I have a collection of flavors being sampled in batches of $3$. I know that each pair of flavors occur together in exactly one batch. Also each flavor appears in the same number of batches. How can i prove that there are a total of either $3$, $6n+1$ or $6n+3$ flavors?
So i know that this can be solved by using combinatorial design theory. So i have knowledge about thsi kind of desings:
$(v,k,\lambda)$ and t-designs: $(v,k,\lambda_{t})$
and basically i have normally came across problems with 3 given data, and here i only have two: $v=?$ $k=3$ $\lambda_{2}=1$ I am not completely sure, if it's a 2-design or a design. I think that probably i should use some of the basic formula and also my knowledge of these subject is not really advanced, so i have only the recursion for $\lambda$ and two or three other formulas
Any help would be appreciated. Thank you in advance
You know that there are ${v \choose 2} = v(v-1)/2 = \frac{1}{2}(v^{2}-v)$ total pairs of flavors, and each must show up exactly once in a batch. Since each batch has size $3$, each of the $b$ batches has ${3 \choose 2} = 3$ pairs showing up. So $3b = \frac{1}{2}(v^{2}-v)$, or $6b = v^{2}-v$.

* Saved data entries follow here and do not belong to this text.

text \<open>K is a subfield of the (finite) field 'a; it plays the role of GF(q) inside GF(q^m).\<close>
definition is_subfield :: "'a::field set \<Rightarrow> bool" where
  "is_subfield K \<longleftrightarrow> 0 \<in> K \<and> 1 \<in> K \<and>
     (\<forall>x\<in>K. \<forall>y\<in>K. x + y \<in> K \<and> x - y \<in> K \<and> x * y \<in> K) \<and>
     (\<forall>x\<in>K. inverse x \<in> K)"

definition lin_indep_over :: "'a::field set \<Rightarrow> ('i \<Rightarrow> 'a) \<Rightarrow> 'i set \<Rightarrow> bool" where
  "lin_indep_over K v S \<longleftrightarrow>
     (\<forall>c. (\<forall>i\<in>S. c i \<in> K) \<and> (\<Sum>i\<in>S. c i * v i) = 0 \<longrightarrow> (\<forall>i\<in>S. c i = 0))"

definition rk :: "'a::field set \<Rightarrow> 'a ^ 'n::finite \<Rightarrow> nat" where
  "rk K x = Max {card S | S. lin_indep_over K (\<lambda>i. x $ i) S}"

definition rank_dist :: "'a::field set \<Rightarrow> 'a ^ 'n::finite \<Rightarrow> 'a ^ 'n \<Rightarrow> nat" where
  "rank_dist K x y = rk K (x - y)"

definition rank_ball :: "'a::field set \<Rightarrow> nat \<Rightarrow> 'a ^ 'n::finite \<Rightarrow> ('a ^ 'n) set" where
  "rank_ball K r x = {y. rank_dist K x y \<le> r}"

definition gauss_binom1 :: "nat \<Rightarrow> nat \<Rightarrow> int" where
  "gauss_binom1 q k = (int q ^ k - 1) div (int q - 1)"

end

theory Submission
  imports Defs
begin

text \<open>
  Put x = c1 - c2. Translating by c2, the intersection of the two balls corresponds to the vectors e
  with rk e \<le> 1 and rk (x - e) \<le> r. A nonzero e of rank at most 1 is a *s u with a \<noteq> 0 and
  u a nonzero vector over K, in exactly q - 1 ways. Let V be the K-span of the coordinates of x,
  which has q^r elements. If a \<in> V, all coordinates of x - a *s u lie in V, so its rank is at
  most r. If a \<notin> V, the rank stays at most r exactly when u satisfies every K-linear relation
  among the coordinates of x, which leaves q^r choices of u; otherwise a maximal independent set
  of coordinates of x together with one coordinate violating such a relation is independent in
  x - a *s u. This gives (q^r - 1)(q^n - 1) + (q^m - q^r)(q^r - 1) representations, and dividing
  by q - 1 gives the formula.
\<close>

definition span_over :: "'a::field set \<Rightarrow> ('i \<Rightarrow> 'a) \<Rightarrow> 'i set \<Rightarrow> 'a set" where
  "span_over K f T = {(\<Sum>i\<in>T. c i * f i) | c. \<forall>i\<in>T. c i \<in> K}"

definition vecs_over :: "'a set \<Rightarrow> ('a ^ 'n) set" where
  "vecs_over K = {u. \<forall>j. u $ j \<in> K}"

lemma card_eq_mult_card_image:
  assumes "finite A" and "\<And>a. a \<in> A \<Longrightarrow> card {a' \<in> A. f a' = f a} = k"
  shows "card A = k * card (f ` A)"
proof -
  have "card A = card (\<Union>b\<in>f ` A. {a \<in> A. f a = b})" by (rule arg_cong[of _ _ card]) auto
  also have "\<dots> = (\<Sum>b\<in>f ` A. card {a \<in> A. f a = b})"
    by (rule card_UN_disjoint) (use assms(1) in auto)
  also have "\<dots> = (\<Sum>b\<in>f ` A. k)" using assms(2) by (intro sum.cong) auto
  finally show ?thesis by simp
qed

lemma sum_delta_mult:
  fixes g :: "'i \<Rightarrow> 'a::semiring_1"
  assumes "finite S" "j \<in> S"
  shows "(\<Sum>i\<in>S. (if i = j then 1 else 0) * g i) = g j"
proof -
  have "(\<Sum>i\<in>S. (if i = j then 1 else 0) * g i) = (\<Sum>i\<in>S. if i = j then g i else 0)"
    by (rule sum.cong) auto
  with assms show ?thesis by simp
qed

lemma lin_indep_overD:
  "lin_indep_over K g S \<Longrightarrow> \<forall>i\<in>S. c i \<in> K \<Longrightarrow> (\<Sum>i\<in>S. c i * g i) = 0 \<Longrightarrow> i \<in> S \<Longrightarrow> c i = 0"
  unfolding lin_indep_over_def by blast

lemma finite_indep_cards:
  fixes x :: "'a::field ^ 'n"
  shows "finite {card S | S. lin_indep_over K (\<lambda>i. x $ i) S}"
  by (rule finite_subset[of _ "{..CARD('n)}"]) (auto intro: card_mono)

lemma card_le_rk: "lin_indep_over K (\<lambda>i. x $ i) S \<Longrightarrow> card S \<le> rk K x"
  unfolding rk_def by (rule Max_ge[OF finite_indep_cards]) blast

lemma rk_witness: obtains S where "lin_indep_over K (\<lambda>i. x $ i) S" "card S = rk K x"
proof -
  have "lin_indep_over K (\<lambda>i. x $ i) {}" by (simp add: lin_indep_over_def)
  then have "{card S | S. lin_indep_over K (\<lambda>i. x $ i) S} \<noteq> {}" by blast
  from Max_in[OF finite_indep_cards this] show ?thesis using that unfolding rk_def by force
qed

lemma rk_uminus [simp]: "rk K (- x) = rk K x"
proof -
  have "lin_indep_over K (\<lambda>i. (- x) $ i) S = lin_indep_over K (\<lambda>i. x $ i) S" for S
    unfolding lin_indep_over_def by (simp add: sum_negf)
  then show ?thesis unfolding rk_def by (simp only:)
qed

lemma rk_diff_commute: "rk K (x - y) = rk K (y - x)"
  by (metis minus_diff_eq rk_uminus)

lemma rank_ball_inter_eq_translate:
  "rank_ball K r c1 \<inter> rank_ball K s c2 = (\<lambda>e. c2 + e) ` {e. rk K e \<le> s \<and> rk K (c1 - c2 - e) \<le> r}"
    (is "_ = _ ` ?E")
proof -
  have "c1 - y = c1 - c2 - (y - c2)" for y :: "'a ^ 'b" by simp
  then have "rank_ball K r c1 \<inter> rank_ball K s c2 = {y. y - c2 \<in> ?E}"
    unfolding rank_ball_def rank_dist_def by (auto simp: rk_diff_commute[of K c2])
  also have "\<dots> = (\<lambda>e. c2 + e) ` ?E" by (auto simp: diff_diff_eq intro: image_eqI[of _ _ "_ - c2"])
  finally show ?thesis .
qed

locale subfield =
  fixes K :: "'a::field set"
  assumes subfield: "is_subfield K"
begin

lemma zero_mem [simp]: "0 \<in> K" and one_mem [simp]: "1 \<in> K"
  and add_mem: "x \<in> K \<Longrightarrow> y \<in> K \<Longrightarrow> x + y \<in> K"
  and diff_mem: "x \<in> K \<Longrightarrow> y \<in> K \<Longrightarrow> x - y \<in> K"
  and mult_mem: "x \<in> K \<Longrightarrow> y \<in> K \<Longrightarrow> x * y \<in> K"
  and inverse_mem: "x \<in> K \<Longrightarrow> inverse x \<in> K"
  using subfield by (auto simp: is_subfield_def)

lemma divide_mem: "x \<in> K \<Longrightarrow> y \<in> K \<Longrightarrow> x / y \<in> K"
  by (simp add: divide_inverse mult_mem inverse_mem)

lemma uminus_mem: "x \<in> K \<Longrightarrow> - x \<in> K"
  using diff_mem[OF zero_mem] by fastforce

lemma sum_mem: "(\<And>i. i \<in> S \<Longrightarrow> g i \<in> K) \<Longrightarrow> sum g S \<in> K"
  by (induction S rule: infinite_finite_induct) (auto intro: add_mem)

lemma span_over_zero [simp]: "0 \<in> span_over K f T"
  unfolding span_over_def by (auto intro!: exI[of _ "\<lambda>_. 0"])

lemma span_over_add:
  assumes "x \<in> span_over K f T" "y \<in> span_over K f T"
  shows "x + y \<in> span_over K f T"
proof -
  obtain c d where "x = (\<Sum>i\<in>T. c i * f i)" "\<forall>i\<in>T. c i \<in> K"
    and "y = (\<Sum>i\<in>T. d i * f i)" "\<forall>i\<in>T. d i \<in> K"
    using assms unfolding span_over_def by blast
  then show ?thesis unfolding span_over_def
    by (intro CollectI exI[of _ "\<lambda>i. c i + d i"]) (auto simp: add_mem distrib_right sum.distrib)
qed

lemma span_over_mult:
  assumes "x \<in> span_over K f T" "k \<in> K"
  shows "k * x \<in> span_over K f T"
proof -
  obtain c where "x = (\<Sum>i\<in>T. c i * f i)" "\<forall>i\<in>T. c i \<in> K"
    using assms unfolding span_over_def by blast
  then show ?thesis unfolding span_over_def using assms(2)
    by (intro CollectI exI[of _ "\<lambda>i. k * c i"]) (auto simp: mult_mem sum_distrib_left mult.assoc)
qed

lemma span_over_diff:
  assumes "x \<in> span_over K f T" "y \<in> span_over K f T"
  shows "x - y \<in> span_over K f T"
  using span_over_add[OF assms(1) span_over_mult[OF assms(2), of "-1"]] by (simp add: uminus_mem)

lemma span_over_lincomb:
  "(\<And>i. i \<in> S \<Longrightarrow> c i \<in> K \<and> g i \<in> span_over K f T) \<Longrightarrow> (\<Sum>i\<in>S. c i * g i) \<in> span_over K f T"
  by (induction S rule: infinite_finite_induct) (auto intro: span_over_add span_over_mult)

lemma span_over_mono:
  "(\<And>i. i \<in> S \<Longrightarrow> g i \<in> span_over K f T) \<Longrightarrow> span_over K g S \<subseteq> span_over K f T"
  by (auto simp: span_over_def[of K g S] intro!: span_over_lincomb)

lemma span_over_eq_image:
  "span_over K f T = (\<lambda>c. \<Sum>i\<in>T. c i * f i) ` (T \<rightarrow>\<^sub>E K)"
proof (intro equalityI subsetI)
  fix x assume "x \<in> span_over K f T"
  then obtain c where c: "x = (\<Sum>i\<in>T. c i * f i)" "\<forall>i\<in>T. c i \<in> K"
    unfolding span_over_def by blast
  show "x \<in> (\<lambda>c. \<Sum>i\<in>T. c i * f i) ` (T \<rightarrow>\<^sub>E K)"
    by (rule image_eqI[of _ _ "restrict c T"]) (use c in simp_all)
next
  fix x assume "x \<in> (\<lambda>c. \<Sum>i\<in>T. c i * f i) ` (T \<rightarrow>\<^sub>E K)"
  then show "x \<in> span_over K f T" unfolding span_over_def by (blast dest: PiE_mem)
qed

Now you have a quadratic equation, $v^{2}-v - 6b = 0$. Find the solutions in terms of $b$ using the quadratic formula. Keep in mind they have to be positive integers (since they are the number of flavors). Better yet, notice that this equation implies that $v^{2}-v \equiv 0 \bmod{6}$, and use this to show that $v \equiv 1$ or $3 \bmod{6}$. In this case you will need an extra argument to show that $v \not\equiv 0 \bmod{6}$.